In a second or subsequent process step, after closing the control valve 20 by opening the liquid valve 17 and the control valve 13, the component K1 is introduced from the boiler 10 into the product line 8a. As a result, the volume of the component K2 present there is first introduced into the bottle 2 via the liquid connection comprising the product line 8a, the connection 7 and the liquid channel 5, and this liquid connection is completely flushed with the component K1, so that in turn it is filled exclusively with the component K1 is. The volume of the component K1 flowing into the product line 8a from the boiler 10 is detected by the flow meter 18a. Taking into account the predetermined by the construction and thus known volume of fluid communication between the control valve 13 and the discharge port 6, ie taking into account the bekanten volumes of the product line 8a, the terminal 7 and the liquid channel 5 and possibly also taking into account further Füllparametern, such as Temperature of the components K1 and K2, etc., the closing of the liquid valve 17 with the actuator 16 and thus the completion of the filling process then takes place, although the component K1 is introduced into the bottle 2 with the required filling volume. At the end of each filling process, when the control valve 13 is still open, the control valve 20 for the hot circulation of the component K1 is reopened.

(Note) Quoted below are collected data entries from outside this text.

(* Let $N_1,N_2,N_3\ge0$ be integers and $\Phi\in P(N_1,N_2,N_3)$. Suppose the kernel of $A(N_1,N_2,N_3)$ has dimension $\nu_A=1$. Then every $f\in D_A$ is an extremal polynomial in the class $Q(N_1,N_2,N_3)$.
   Context: For integers $N_1,N_2,N_3\ge0$, $\sigma(N_1,N_2,N_3)$ is the set of trigonometric polynomials $f(\alpha,\beta,\gamma)=\sum_{|k|\le N_1}\sum_{|\ell|\le N_2}\sum_{|m|\le N_3} q(k,\ell,m)e^{i(k\alpha+\ell\beta+m\gamma)}$ with $f\ge0$ for all real $\alpha,\beta,\gamma$; $Q(N_1,N_2,N_3)$ is the set of $f\in\sigma(N_1,N_2,N_3)$ of the form $f=\sum_{j=1}^r|F_j|^2$ with $F_j=\sum_{0\le k\le N_1,0\le\ell\le N_2,0\le m\le N_3}q_j(k,\ell,m)e^{i(k\alpha+\ell\beta+m\gamma)}$. Let $S=\{(k,\ell,m)\in\mathbb Z^3:0\le k\le N_1,0\le\ell\le N_2,0\le m\le N_3\}$, $\Delta=S-S$. $P(N_1,N_2,N_3)$ is the class of $\Phi:\Delta\to\mathbb C$ with $\sum_{i,j}\xi_i\bar\xi_j\Phi(x_i-x_j)\ge0$ for all $x_i\in S$, $\xi_i\in\mathbb C$. $A(N_1,N_2,N_3)$ is the matrix indexed by $S\times S$ with entry $\Phi(y-x)$ in row $x$, column $y$; $\nu_A$ is the dimension of its (complex) kernel. For a vector $e=(e(x))_{x\in S}$ put $F_e(\alpha,\beta,\gamma)=\sum_{(k,\ell,m)\in S}e(k,\ell,m)e^{i(k\alpha+\ell\beta+m\gamma)}$. $D_A$ is the convex hull of the polynomials $|F_e|^2$ with $e\ne0$ in the kernel of $A(N_1,N_2,N_3)$. An element $f$ of a convex cone $U$ is called extremal in $U$ if whenever $f=g+h$ with $g,h\in U$, both $g$ and $h$ are nonnegative multiples of $f$. *)

theory Defs
  imports "HOL-Analysis.Analysis" "HOL-Library.Function_Algebras"
begin

type_synonym idx = "int \<times> int \<times> int"

definition Sset :: "nat \<Rightarrow> nat \<Rightarrow> nat \<Rightarrow> idx set" where
  "Sset N1 N2 N3 = {(k,l,m). 0 \<le> k \<and> k \<le> int N1 \<and> 0 \<le> l \<and> l \<le> int N2 \<and> 0 \<le> m \<and> m \<le> int N3}"

definition Fpoly :: "nat \<Rightarrow> nat \<Rightarrow> nat \<Rightarrow> (idx \<Rightarrow> complex) \<Rightarrow> real \<Rightarrow> real \<Rightarrow> real \<Rightarrow> complex" where
  "Fpoly N1 N2 N3 e \<alpha> \<beta> \<gamma> =
     (\<Sum>(k,l,m)\<in>Sset N1 N2 N3. e (k,l,m) *
        exp (\<i> * complex_of_real (of_int k * \<alpha> + of_int l * \<beta> + of_int m * \<gamma>)))"

definition Qclass :: "nat \<Rightarrow> nat \<Rightarrow> nat \<Rightarrow> (real \<Rightarrow> real \<Rightarrow> real \<Rightarrow> real) set" where
  "Qclass N1 N2 N3 = {f. \<exists>(r::nat) (q :: nat \<Rightarrow> idx \<Rightarrow> complex).
      f = (\<lambda>\<alpha> \<beta> \<gamma>. \<Sum>j<r. (cmod (Fpoly N1 N2 N3 (q j) \<alpha> \<beta> \<gamma>))\<^sup>2)}"

text \<open>The class P(N1,N2,N3) of positive definite functions on Delta = S - S
  (only values on Delta are relevant).\<close>
definition Pclass :: "nat \<Rightarrow> nat \<Rightarrow> nat \<Rightarrow> (idx \<Rightarrow> complex) set" where
  "Pclass N1 N2 N3 = {\<Phi>. \<forall>(n::nat) (x :: nat \<Rightarrow> idx) (\<xi> :: nat \<Rightarrow> complex).
      (\<forall>i<n. x i \<in> Sset N1 N2 N3) \<longrightarrow>
      (let s = (\<Sum>i<n. \<Sum>j<n. \<xi> i * cnj (\<xi> j) * \<Phi> (x i - x j)) in Im s = 0 \<and> Re s \<ge> 0)}"

text \<open>Kernel of the matrix A with entry Phi(y - x) in row x, column y;
  vectors are functions on idx vanishing outside S.\<close>
definition kerA :: "nat \<Rightarrow> nat \<Rightarrow> nat \<Rightarrow> (idx \<Rightarrow> complex) \<Rightarrow> (idx \<Rightarrow> complex) set" where
  "kerA N1 N2 N3 \<Phi> = {e. (\<forall>x. x \<notin> Sset N1 N2 N3 \<longrightarrow> e x = 0) \<and>
      (\<forall>x\<in>Sset N1 N2 N3. (\<Sum>y\<in>Sset N1 N2 N3. \<Phi> (y - x) * e y) = 0)}"

definition nuA :: "nat \<Rightarrow> nat \<Rightarrow> nat \<Rightarrow> (idx \<Rightarrow> complex) \<Rightarrow> nat" where
  "nuA N1 N2 N3 \<Phi> = vector_space.dim (\<lambda>(c::complex) (e::idx \<Rightarrow> complex). (\<lambda>x. c * e x)) (kerA N1 N2 N3 \<Phi>)"

text \<open>D_A: convex hull of |F_e|^2 for nonzero e in the kernel (written out explicitly).\<close>
definition DA :: "nat \<Rightarrow> nat \<Rightarrow> nat \<Rightarrow> (idx \<Rightarrow> complex) \<Rightarrow> (real \<Rightarrow> real \<Rightarrow> real \<Rightarrow> real) set" where
  "DA N1 N2 N3 \<Phi> = {f. \<exists>(n::nat) (c :: nat \<Rightarrow> real) (e :: nat \<Rightarrow> idx \<Rightarrow> complex).
      0 < n \<and> (\<forall>i<n. 0 \<le> c i) \<and> (\<Sum>i<n. c i) = 1 \<and>
      (\<forall>i<n. e i \<in> kerA N1 N2 N3 \<Phi> \<and> e i \<noteq> 0) \<and>
      f = (\<lambda>\<alpha> \<beta> \<gamma>. \<Sum>i<n. c i * (cmod (Fpoly N1 N2 N3 (e i) \<alpha> \<beta> \<gamma>))\<^sup>2)}"

definition extremal :: "(real \<Rightarrow> real \<Rightarrow> real \<Rightarrow> real) set \<Rightarrow> (real \<Rightarrow> real \<Rightarrow> real \<Rightarrow> real) \<Rightarrow> bool" where
  "extremal U f \<longleftrightarrow> f \<in> U \<and>
     (\<forall>g h. g \<in> U \<longrightarrow> h \<in> U \<longrightarrow> f = (\<lambda>\<alpha> \<beta> \<gamma>. g \<alpha> \<beta> \<gamma> + h \<alpha> \<beta> \<gamma>) \<longrightarrow>
        (\<exists>a\<ge>0. g = (\<lambda>\<alpha> \<beta> \<gamma>. a * f \<alpha> \<beta> \<gamma>)) \<and> (\<exists>b\<ge>0. h = (\<lambda>\<alpha> \<beta> \<gamma>. b * f \<alpha> \<beta> \<gamma>)))"

end

theory Submission
  imports Defs
begin

(* Sample a function p at the M^3 grid points 2 pi t / M (with M > 2 N_i) and pair it with the
   symbol K(theta) = sum_d Phi(d) e^(-i d.theta).  By discrete orthogonality the resulting linear
   functional L satisfies L |F_u|^2 = u^* A u, which is nonnegative because Phi is positive
   definite and vanishes for u in ker A.  So if f in D_A splits as g + h in Q, then
   0 = L f = L g + L h forces L g = L h = 0; since a positive semidefinite form vanishes only on
   its kernel, every coefficient vector occurring in g and h lies in ker A.  As ker A is spanned
   by a single e0, g, h and f are all nonnegative multiples of |F_e0|^2. *)

lemma sum_cis_root_of_unity_powers:
  fixes k :: int
  assumes "\<bar>k\<bar> < int M"
  shows "(\<Sum>t<M. cis (of_int k * (2 * pi * real t / real M))) = (if k = 0 then of_nat M else 0)"
proof (cases "k = 0")
  case False
  define z where "z = cis (2 * pi * of_int k / real M)"
  have "M > 0" using assms by linarith
  have z_power: "z ^ t = cis (of_int k * (2 * pi * real t / real M))" for t
    unfolding z_def Complex.DeMoivre by (simp add: field_simps)
  have "z \<noteq> 1"
  proof
    assume "z = 1"
    then obtain n :: int where "2 * pi * of_int k / real M = of_int n * 2 * pi"
      by (auto simp: z_def complex_eq_iff cos_one_2pi_int)
    then have "k = int M * n"
      using \<open>M > 0\<close> by (simp add: field_simps) (metis of_int_eq_iff of_int_mult of_int_of_nat_eq)
    then show False using assms False by (auto simp: abs_mult mult_le_cancel_left1)
  qed
  moreover have "z ^ M = 1" using \<open>M > 0\<close> by (simp add: z_power mult.commute[of "of_int k"])
  ultimately have "(\<Sum>t<M. z ^ t) = 0" by (simp add: geometric_sum)
  with False show ?thesis by (simp only: z_power) simp
qed simp

definition phase :: "idx \<Rightarrow> real \<Rightarrow> real \<Rightarrow> real \<Rightarrow> real" where
  "phase v \<alpha> \<beta> \<gamma> = of_int (fst v) * \<alpha> + of_int (fst (snd v)) * \<beta> + of_int (snd (snd v)) * \<gamma>"

lemma phase_diff: "phase (v - w) \<alpha> \<beta> \<gamma> = phase v \<alpha> \<beta> \<gamma> - phase w \<alpha> \<beta> \<gamma>"
  by (simp add: phase_def algebra_simps)

definition grid_sum :: "nat \<Rightarrow> (real \<Rightarrow> real \<Rightarrow> real \<Rightarrow> complex) \<Rightarrow> complex" where
  "grid_sum M F = (\<Sum>t1<M. \<Sum>t2<M. \<Sum>t3<M.
     F (2 * pi * real t1 / real M) (2 * pi * real t2 / real M) (2 * pi * real t3 / real M))"

lemma grid_sum_add: "grid_sum M (\<lambda>\<alpha> \<beta> \<gamma>. F \<alpha> \<beta> \<gamma> + G \<alpha> \<beta> \<gamma>) = grid_sum M F + grid_sum M G"
  by (simp add: grid_sum_def sum.distrib)

lemma grid_sum_cmult: "grid_sum M (\<lambda>\<alpha> \<beta> \<gamma>. c * F \<alpha> \<beta> \<gamma>) = c * grid_sum M F"
  by (simp add: grid_sum_def sum_distrib_left)

lemma grid_sum_sum: "grid_sum M (\<lambda>\<alpha> \<beta> \<gamma>. \<Sum>i\<in>I. F i \<alpha> \<beta> \<gamma>) = (\<Sum>i\<in>I. grid_sum M (F i))"
  unfolding grid_sum_def by (subst (1 2 3) sum.swap) simp

lemma grid_sum_cis_phase:
  assumes "\<bar>fst w\<bar> < int M" "\<bar>fst (snd w)\<bar> < int M" "\<bar>snd (snd w)\<bar> < int M"
  shows "grid_sum M (\<lambda>\<alpha> \<beta> \<gamma>. cis (phase w \<alpha> \<beta> \<gamma>)) = (if w = 0 then of_nat M ^ 3 else 0)"
proof -
  obtain k l m where w: "w = (k, l, m)" by (cases w)
  have "grid_sum M (\<lambda>\<alpha> \<beta> \<gamma>. cis (phase w \<alpha> \<beta> \<gamma>)) =
      (\<Sum>t1<M. \<Sum>t2<M. \<Sum>t3<M. cis (of_int k * (2 * pi * real t1 / real M)) *
         cis (of_int l * (2 * pi * real t2 / real M)) * cis (of_int m * (2 * pi * real t3 / real M)))"
    by (simp add: grid_sum_def w phase_def cis_mult)
  also have "\<dots> = (\<Sum>t<M. cis (of_int k * (2 * pi * real t / real M))) *
      (\<Sum>t<M. cis (of_int l * (2 * pi * real t / real M))) *
      (\<Sum>t<M. cis (of_int m * (2 * pi * real t / real M)))"
    by (simp only: sum_distrib_left[symmetric] sum_distrib_right[symmetric] mult.assoc)
  finally show ?thesis
    using assms sum_cis_root_of_unity_powers[of k M] sum_cis_root_of_unity_powers[of l M]
      sum_cis_root_of_unity_powers[of m M]
    by (auto simp: w zero_prod_def power3_eq_cube)
qed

In the filling system 1a, the filling volume of the component K2 to be introduced into the respective bottle 2 is likewise not determined directly but indirectly by the volume of the component K1 displaced by this component and detected by the flow meters 18a and 19a.

In the filling system 1 a, the liquid valve 17 during the metering of the component K2, i. closed during the introduction of this component in the product channel 8a. The metering of the component K2 can therefore, in a filling machine having this type of filling system, already take place in the angular range of the rotational movement of the rotor 9 between a container outlet and a container inlet of the filling machine, i. in the so-called "loss angle" of the rotational movement of the rotor 9, i. before the bottle 2 to be filled is transferred to the container inlet to the respective filling station formed by the filling element 3 and the container carrier 22. As a result, the usable for the entire filling process angular range of rotation of the rotor 9 is substantially increased and recovered process time for the filling process to a considerable extent, so that given machine dimensions (diameter of the rotor 9) u.a. Also, a significant increase in the performance of the filling machine (number of filled bottles 2 per unit time) is achieved.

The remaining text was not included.